Toute relation bilatérale d’une telle envergure, surtout lorsqu’elle touche au secteur névralgique des ressources naturelles, comporte son lot de défis et de complexités. Au Niger, la présence d’entreprises chinoises, et notamment de la China National Petroleum Corporation (CNPC), est un exemple éloquent de ces dynamiques. Si la CNPC a été un pilier essentiel du développement de l’industrie pétrolière nigérienne, contribuant de manière significative à la construction de la raffinerie de Zinder et à la réalisation du projet stratégique du pipeline d’exportation vers le Bénin, son empreinte n’a pas toujours été exempte de critiques. Des préoccupations substantielles ont été soulevées par le passé, tant par la société civile que par certains observateurs, concernant des aspects de la responsabilité sociale des entreprises (RSE) de la CNPC.

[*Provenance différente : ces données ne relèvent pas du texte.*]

lemma hom_group_axioms:
  assumes "X \<in> Ob A" "Y \<in> Ob A"
  shows "zerom A X Y \<in> hom A X Y"
    and "\<And>f g. f \<in> hom A X Y \<Longrightarrow> g \<in> hom A X Y \<Longrightarrow> addm A f g \<in> hom A X Y"
    and "\<And>f g h. f \<in> hom A X Y \<Longrightarrow> g \<in> hom A X Y \<Longrightarrow> h \<in> hom A X Y \<Longrightarrow>
           addm A (addm A f g) h = addm A f (addm A g h)"
    and "\<And>f g. f \<in> hom A X Y \<Longrightarrow> g \<in> hom A X Y \<Longrightarrow> addm A f g = addm A g f"
    and "\<And>f. f \<in> hom A X Y \<Longrightarrow> addm A f (zerom A X Y) = f"
    and "\<And>f. f \<in> hom A X Y \<Longrightarrow> \<exists>g\<in>hom A X Y. addm A f g = zerom A X Y"
  using conjunct1[OF is_preadditive[unfolded is_preadditive_def]] assms by blast+

lemma zero_in_hom: "X \<in> Ob A \<Longrightarrow> Y \<in> Ob A \<Longrightarrow> zerom A X Y \<in> hom A X Y"
  using hom_group_axioms(1) .

lemma add_in_hom: "f \<in> hom A X Y \<Longrightarrow> g \<in> hom A X Y \<Longrightarrow> addm A f g \<in> hom A X Y"
  and add_assoc: "f \<in> hom A X Y \<Longrightarrow> g \<in> hom A X Y \<Longrightarrow> h \<in> hom A X Y \<Longrightarrow>
     addm A (addm A f g) h = addm A f (addm A g h)"
  and add_commute: "f \<in> hom A X Y \<Longrightarrow> g \<in> hom A X Y \<Longrightarrow> addm A f g = addm A g f"
  and add_zero: "f \<in> hom A X Y \<Longrightarrow> addm A f (zerom A X Y) = f"
  and add_inverse: "f \<in> hom A X Y \<Longrightarrow> \<exists>g\<in>hom A X Y. addm A f g = zerom A X Y"
  using hom_group_axioms hom_ObD by meson+

lemma zero_add: "f \<in> hom A X Y \<Longrightarrow> addm A (zerom A X Y) f = f"
  using add_zero add_commute zero_in_hom hom_ObD by metis

lemma comp_add_left:
  "f \<in> hom A X Y \<Longrightarrow> g \<in> hom A X Y \<Longrightarrow> h \<in> hom A Y Z \<Longrightarrow> h \<cdot> addm A f g = addm A (h \<cdot> f) (h \<cdot> g)"
  and comp_add_right:
  "f \<in> hom A Y Z \<Longrightarrow> g \<in> hom A Y Z \<Longrightarrow> h \<in> hom A X Y \<Longrightarrow> addm A f g \<cdot> h = addm A (f \<cdot> h) (g \<cdot> h)"
  using is_preadditive hom_ObD unfolding is_preadditive_def by meson+

lemma add_self_eq_zero: assumes "x \<in> hom A X Y" "addm A x x = x" shows "x = zerom A X Y"
proof -
  obtain y where y: "y \<in> hom A X Y" "addm A x y = zerom A X Y" using add_inverse assms by blast
  have "x = addm A x (addm A x y)" using y add_zero assms by simp
  also have "\<dots> = addm A (addm A x x) y" using add_assoc assms y by metis
  also have "\<dots> = zerom A X Y" using y assms by simp
  finally show ?thesis .
qed

lemma comp_zero: assumes "f \<in> hom A Y Z" "X \<in> Ob A" shows "f \<cdot> zerom A X Y = zerom A X Z"
proof -
  have z: "zerom A X Y \<in> hom A X Y" using zero_in_hom assms hom_ObD by blast
  have "f \<cdot> zerom A X Y = addm A (f \<cdot> zerom A X Y) (f \<cdot> zerom A X Y)"
    using comp_add_left[OF z z assms(1)] add_zero[OF z] by simp
  then show ?thesis using add_self_eq_zero comp_in_hom z assms by metis
qed

lemma zero_comp: assumes "f \<in> hom A X Y" "Z \<in> Ob A" shows "zerom A Y Z \<cdot> f = zerom A X Z"
proof -
  have z: "zerom A Y Z \<in> hom A Y Z" using zero_in_hom assms hom_ObD by blast
  have "zerom A Y Z \<cdot> f = addm A (zerom A Y Z \<cdot> f) (zerom A Y Z \<cdot> f)"
    using comp_add_right[OF z z assms(1)] add_zero[OF z] by simp
  then show ?thesis using add_self_eq_zero comp_in_hom z assms by metis
qed

lemma preadditive_category_opposite: "preadditive_category (opposite A)"
proof
  show "is_category (opposite A)" using is_category by (rule is_category_opposite)
  show "is_preadditive (opposite A)"
    unfolding is_preadditive_def hom_opposite opposite_simps
    by (intro conjI ballI)
       (simp_all add: zero_in_hom add_in_hom add_assoc add_commute add_zero add_inverse
         comp_add_left comp_add_right)
qed

lemma kernel_in_hom: "is_kernel A f k \<Longrightarrow> k \<in> hom A (Dm A k) (Dm A f)"
  by (simp add: is_kernel_def hom_def)

lemma kernel_comp_eq_zero: "is_kernel A f k \<Longrightarrow> f \<cdot> k = zerom A (Dm A k) (Cd A f)"
  by (simp add: is_kernel_def)

lemma kernel_universal:
  assumes "is_kernel A f k" "x \<in> hom A W (Dm A f)" "f \<cdot> x = zerom A W (Cd A f)"
  shows "\<exists>!u. u \<in> hom A W (Dm A k) \<and> k \<cdot> u = x"
proof -
  have universal: "\<And>y. y \<in> Ar A \<Longrightarrow> Cd A y = Dm A f \<Longrightarrow> f \<cdot> y = zerom A (Dm A y) (Cd A f) \<Longrightarrow>
      \<exists>!u. u \<in> hom A (Dm A y) (Dm A k) \<and> k \<cdot> u = y"
    using assms(1) unfolding is_kernel_def by blast
  have x: "x \<in> Ar A" "Cd A x = Dm A f" "Dm A x = W" using assms(2) by (auto simp: hom_def)
  then have "f \<cdot> x = zerom A (Dm A x) (Cd A f)" using assms(3) by simp
  from universal[OF x(1,2) this] show ?thesis unfolding x(3) .
qed

lemma kernel_factor:
  assumes "is_kernel A f k" "x \<in> hom A W (Dm A f)" "f \<cdot> x = zerom A W (Cd A f)"
  obtains u where "u \<in> hom A W (Dm A k)" "k \<cdot> u = x"
  using kernel_universal[OF assms] that by blast

lemma kernel_mono: assumes k: "is_kernel A f k" shows "mono A k"
  unfolding mono_def
proof (intro conjI ballI impI)
  show "k \<in> Ar A" using k by (simp add: is_kernel_def)
  fix g h assume "g \<in> Ar A" "h \<in> Ar A"
    and gh: "Cd A g = Dm A k \<and> Cd A h = Dm A k \<and> Dm A g = Dm A h \<and> k \<cdot> g = k \<cdot> h"
  then have g: "g \<in> hom A (Dm A g) (Dm A k)" and h: "h \<in> hom A (Dm A g) (Dm A k)"
    by (auto simp: hom_def)
  have kh: "k \<in> hom A (Dm A k) (Dm A f)" using kernel_in_hom[OF k] .
  have f: "f \<in> hom A (Dm A f) (Cd A f)" using k by (simp add: is_kernel_def hom_def)
  have "f \<cdot> k \<cdot> g = (f \<cdot> k) \<cdot> g" using comp_assoc[OF g kh f] by simp
  also have "\<dots> = zerom A (Dm A g) (Cd A f)"
    using kernel_comp_eq_zero[OF k] zero_comp[OF g] hom_ObD[OF f] by simp
  finally have "\<exists>!u. u \<in> hom A (Dm A g) (Dm A k) \<and> k \<cdot> u = k \<cdot> g"
    by (rule kernel_universal[OF k comp_in_hom[OF g kh]])
  then show "g = h" using g h gh by auto
qed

Ces critiques ont souvent porté sur les conditions de travail des employés locaux, jugées parfois inégales par rapport aux expatriés ; sur l’impact environnemental de certaines opérations pétrolières, avec des allégations de pollutions ou de manque de transparence dans la gestion des déchets ; ou encore sur le respect des droits des communautés locales affectées par les projets d’extraction ou d’infrastructures. Des accusations d’opacité dans l’attribution de certains contrats ou de pratiques commerciales jugées non conformes aux attentes locales en matière de développement ont également pu surgir.

Ces «divergences et problèmes », pour reprendre les termes de Wang Yi, sont précisément ceux qui nécessitent un dialogue franc et des ajustements concrets de la part des entreprises chinoises. La capacité du Niger à faire valoir ses exigences en matière de respect des normes environnementales et sociales internationales, à maximiser les retombées locales de ces projets (création d’emplois qualifiés, transfert de technologies, développement d’infrastructures sociales), et à garantir une gouvernance transparente des revenus pétroliers, sera le véritable test d’un partenariat «gagnant-gagnant». Le fait que Wang Yi lui-même ait insisté sur l’importance de « répondre aux besoins de l’Afrique » et de « contribuer à sa revitalisation » offre une ouverture et une légitimité pour Niamey à aborder ces points sensibles de manière constructive et déterminée.

Implications et perspectives : Vers une coopération plus assertive et exigeante

Cette rencontre de Changsha n’est pas une simple formalité diplomatique, mais un indicateur fort de la nouvelle posture nigérienne sur la scène internationale. Le Niger ne se contente plus de subir les dynamiques mondiales ou de se conformer passivement aux agendas externes ; il cherche activement à les influencer et à les orienter en fonction de ses propres priorités nationales. C’est une quête d’autonomie et d’assertivité qui se traduit par une diplomatie plus proactive, pragmatique et, in fine, plus exigeante. Pour la Chine, c’est l’occasion de consolider sa présence et son influence dans une région du Sahel en pleine recomposition géopolitique, mais en s’adaptant à des partenaires africains de plus en plus conscients de leur valeur intrinsèque et désireux de faire valoir pleinement leurs droits souverains. Les défis demeurent, notamment celui de garantir la sécurité des investissements dans un contexte régional volatile et de répondre de manière crédible aux préoccupations légitimes des populations hôtes concernant l’impact des mégaprojets. Cependant, la volonté clairement exprimée par les deux parties de traiter les problèmes par le dialogue, dans un esprit de respect mutuel, est un pas important vers une coopération durable et réellement gagnant-gagnant. La balle est désormais dans le camp des acteurs économiques des deux pays pour concrétiser cette vision diplomatique en projets tangibles et mutuellement bénéfiques, en prenant en compte l’ensemble des dimensions de la responsabilité d’entreprise et de la contribution au développement humain.